How to evaluate the model accuracy with test data (not part of training)

e101sg · February 22, 2024, 2:16pm

Dear Prodigy community,
Greetings! Beginner here... I have doing a NER on text data. Done the annotations in Prodigy and able to train in Prodigy and Spacy as well. I have used following commands.
First convert to Spacy format and Spacy Train.

prodigy data-to-spacy ./spacy_model --ner ner_final --eval-split 0.2

python3 -m spacy train  spacy_model/config.cfg --output spacy_model/training/ --paths.train spacy_model/train.spacy --paths.dev spacy_model/dev.spacy

Fine. Mode created.Then model accuracy on the test data (which 20 %split on train data)

python3 -m spacy benchmark accuracy ./spacy_model/training/model-best spacy_model/dev.spacy --output metrics.json

Now, i have created another annotated dataset evaluation_dataset_gold in the database. Want to evaluate against this the Spacy model without split any split. How to do this ?

The convert command can be used ? Any thoughts highly useful. Thanks a lot.

Cheers!
Chandra /101sg

ryanwesslen · February 22, 2024, 3:47pm

hi @e101sg!

Thanks for your message.

If I understand correctly, you're just looking to use your evaluation_dataset_gold as your evaluation dataset, right?

If so, you can use the eval: prefix for datasets in your data-to-spacy as opposed to using --eval-split like:

prodigy data-to-spacy ./spacy_model --ner ner_final,eval:evaluation_dataset_gold

When you do this, your spacy_model/dev.spacy will just be your evaluation_dataset_gold as opposed to a random 20% partition of your ner_final.

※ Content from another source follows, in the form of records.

(* Let $r,s\ge0$, $\Delta=(v(y_1),\dots,v(y_n))$, $F\subset\{1,\dots,n\}$ with $r+2s+|F|=|\Delta|-1$, and let $\mathcal{P}$ be a collection of conditions in general position for $\mathrm{ev}_F$ on the closure $\mathcal{M}^{desc}_{(r,s)}(\Delta)$ of refined descendant curves and on $\mathcal{M}^{rB}_{(r,s)}(\Delta,F)$. Then $$N^{desc}_{(r,s)}(y,\Delta,F,\mathcal{P})=N^{rB}_{(r,s)}(y,\Delta,F,\mathcal{P}).$$
   Context: Curves. An $(r,s)$-marked curve of degree $\Delta$ is $C=(\Gamma,h,x_1,\dots,x_{r+s})$ with $\Gamma$ a metric graph whose components are trees, $h:\Gamma\to\mathbb{R}^2$ continuous, affine with integral direction vectors on edges, balanced at vertices; $x_1,\dots,x_r$ (real) and $x_{r+1},\dots,x_{r+s}$ (complex) are contracted unbounded edges (markings), the other unbounded edges $y_1,\dots,y_n$ (labeled ends) have outward direction vectors $\Delta=(v(y_1),\dots,v(y_n))$. Weight $w(e)$ = gcd of coordinates of direction vector. Mikhalkin multiplicity of a vertex with exactly three non-contracted edges of direction vectors $u,v,w$: $a=|\det(u,v)|$. $\mathcal{M}_{(r,s)}(\Delta)$ is the polyhedral complex of connected such curves. An oriented curve carries orientations of non-contracted edges; $F=\{i: y_i\text{ inward}\}$ (fixed ends); $\mathcal{M}^{or}_{(r,s)}(\Delta,F)$ the connected oriented curves with fixed ends $F$. $\mathrm{ev}_F(C)=(h(x_1),\dots,h(x_{r+s}),(h(y_i))_{i\in F})$; general position for $\mathrm{ev}_F$ on a subcomplex $M$ means avoiding images of cells of $M$ whose image has dimension $<2(r+s)+|F|$. $G(\Delta,F)$: permutations of $\{1,\dots,n\}$ fixing $F$ pointwise and preserving $v(y_i)$. Oriented refined broccoli curve: vertices of types (I) real marking, two outgoing non-contracted edges, $m_V(y)=1$; (II) unmarked 3-valent, two in one out, $m_V(y)=\frac{y^{a/2}-y^{-a/2}}{y^{1/2}-y^{-1/2}}$; (III) complex marking, three outgoing non-contracted edges, $m_V(y)=\frac{y^{a/2}+y^{-a/2}}{y^{1/2}+y^{-1/2}}$. Unoriented refined broccoli curve: vertices of types (I') 3-valent with real marking, $m_V(y)=1$; (II') 3-valent unmarked, $m_V(y)=\frac{y^{a/2}-y^{-a/2}}{y^{1/2}-y^{-1/2}}$; (III') 4-valent with complex marking, $m_V(y)=\frac{y^{a/2}+y^{-a/2}}{y^{1/2}+y^{-1/2}}$. End factors: $m_{y_i}(y)=\frac{y^{w(y_i)/2}+(-1)^{w(y_i)}y^{-w(y_i)/2}}{y^{1/2}+(-1)^{w(y_i)}y^{-1/2}}$ for $i\in F$ and $m_{y_i}(y)=\frac{y^{w(y_i)/2}-(-1)^{w(y_i)}y^{-w(y_i)/2}}{w(y_i)(y^{1/2}-(-1)^{w(y_i)}y^{-1/2})}$ for $i\notin F$; $m_C(y)=\prod_i m_{y_i}(y)\prod_V m_V(y)$. $\mathcal{M}^{rB}_{(r,s)}(\Delta,F)$ is the closure of oriented refined broccoli curves in $\mathcal{M}^{or}_{(r,s)}(\Delta,F)$ and $N^{rB}_{(r,s)}(y,\Delta,F,\mathcal P)=\frac{1}{|G(\Delta,F)|}\sum m_C(y)$ over oriented refined broccoli curves $C$ with $\mathrm{ev}_F(C)=\mathcal P$. Refined descendant curve: a curve in $\mathcal{M}_{(r,s)}(\Delta)$ whose real markings are each adjacent to a 3-valent vertex of $\Gamma$ and whose complex markings are each adjacent to a 4-valent vertex of $\Gamma$. For $\mathcal{P}$ in general position, the refined descendant curves through $\mathcal{P}$ are exactly the unoriented refined broccoli curves through $\mathcal{P}$. $N^{desc}_{(r,s)}(y,\Delta,F,\mathcal{P})=\frac{1}{|G(\Delta,F)|}\sum_C m_C(y)$, summing over refined descendant curves $C$ with $\mathrm{ev}_F(C)=\mathcal P$, where $m_C(y)$ is the multiplicity of $C$ as an unoriented refined broccoli curve (with respect to $F$). *)

theory Defs
  imports "HOL-Analysis.Analysis" "HOL-Combinatorics.Permutations"
begin
(* For every Lie–Leibniz triple $(\mathfrak g,V,\Theta)$, the Lie superalgebra $L=L(\mathfrak g,V,\Theta)$ is $(-2,2)$-transitive.
   Context: Ground field $\mathbb{K}=\mathbb{R}$ or $\mathbb{C}$; all spaces $\mathbb{Z}$-graded with parity equal to degree mod 2; subalgebras and ideals are graded. $G_\pm=\bigoplus_{k\ge1}G_{\pm k}$, $G_{m-}=\bigoplus_{k\le m}G_k$, $G_{n+}=\bigoplus_{k\ge n}G_k$. A Lie superalgebra $G$ is $(m,n)$-transitive if for $x\in G_{n+}$, $[G_-,x]=0$ implies $x=0$, and for $x\in G_{m-}$, $[G_+,x]=0$ implies $x=0$. A Lie–Leibniz triple $(\mathfrak g,V,\Theta)$ consists of a Lie algebra $\mathfrak g$, a $\mathfrak g$-module $V$ (action $x\cdot u$) and a linear map $\Theta:V\to\mathfrak g$ with $\Theta(\Theta(u)\cdot v)=[\Theta(u),\Theta(v)]$ for all $u,v$. Construction of $\mathbb U$: $\mathbb U_0=\mathfrak g$, $\mathbb U_1=V[-1]$ ($V$ in degree 1, odd), $\mathbb U_{-p+1}=\mathrm{Hom}(\mathbb U_1,\mathbb U_{-p+2})$ for $p\ge2$; brackets on $\mathbb U_{1-}$: Lie bracket on $\mathfrak g$, and recursively $[x,u]=x(u)$, $[u,x]=-(-1)^{|x|}x(u)$, $[x,y](u)=[x,y(u)]+(-1)^{|y|}[x(u),y]$ for $x,y\in\mathbb U_{0-}$, $u\in\mathbb U_1$, where $x(u)=x\cdot u$ for $x\in\mathfrak g$; $\mathbb U$ is the unique Lie superalgebra extending this semilocal Lie superalgebra with $\mathbb U_+$ free on $\mathbb U_1$. $\Theta$ is regarded as an element of $\mathbb U_{-1}$; $R_\Theta\subseteq\mathbb U_{-1}$ is the $\mathfrak g$-submodule generated by $\Theta$ under $x\cdot\phi=[x,\phi]$. Let $\sigma:\mathbb U_2\to\mathbb U_1$ be linear with $\sigma([u,v])=\tfrac12(\Theta(u)\cdot v+\Theta(v)\cdot u)$, and $K$ the sum of all $\mathfrak g$-submodules of $\mathbb U_2$ contained in $\ker\sigma$. Construction of $L$: let $\mathbb S$ be the subalgebra of $\mathbb U$ generated by $R_\Theta\oplus\mathfrak g\oplus\mathbb U_1$; let $\mathscr K$ be the ideal of $\mathbb S$ generated by $K$ (it is contained in $\mathbb U_{2+}$); $\mathbb T=\mathbb S/\mathscr K$; and $L(\mathfrak g,V,\Theta)=\mathbb T/J$, where $J$ is the sum of all ideals of $\mathbb T$ contained in $\mathbb T_{3+}$. *)

theory Defs
  imports Complex_Main
begin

Then you can use the exact same spacy train or spacy benchmark commands like you previously did as the dev.spacy is now your dedicated hold out dataset as opposed to a random partition from your training data.

This is mentioned a bit in the docs:

For each component, you can provide optional datasets for evaluation using the eval: prefix, e.g. --ner dataset,eval:eval_dataset . If no evaluation sets are specified, the --eval-split is used to determine the percentage held back for evaluation.

Does this answer your question?

e101sg · February 23, 2024, 2:32pm

Dear Ryan,

============================== Generating data ==============================
Components: ner
Merging training and evaluation data for 1 components
  - [ner] Training: 590 | Evaluation: 84 (from datasets)
Training: 327 | Evaluation: 44
Labels: ner (7)
✔ Saved 327 training examples
spacy_model/train.spacy
✔ Saved 44 evaluation examples
spacy_model/dev.spacy

If I understand correctly, you're just looking to use your evaluation_dataset_gold as your evaluation dataset, right?
yes, correct

as shown in screenshot still data-to-spacy creates ./train and ./dev split thought it states Components: ner Merging training and evaluation data for 1 components

Not sure, what is the issue? Do i change anything in the config settings ?!!
Any thoughts...
Thanks!
Chandra

ryanwesslen · February 23, 2024, 8:09pm

Thanks for the update!

So I'm not sure what's the problem.

I know you mentioned you received this warning:

Components: ner Merging training and evaluation data for 1 components

But if your data only has ner annotations, this is what I'd expect.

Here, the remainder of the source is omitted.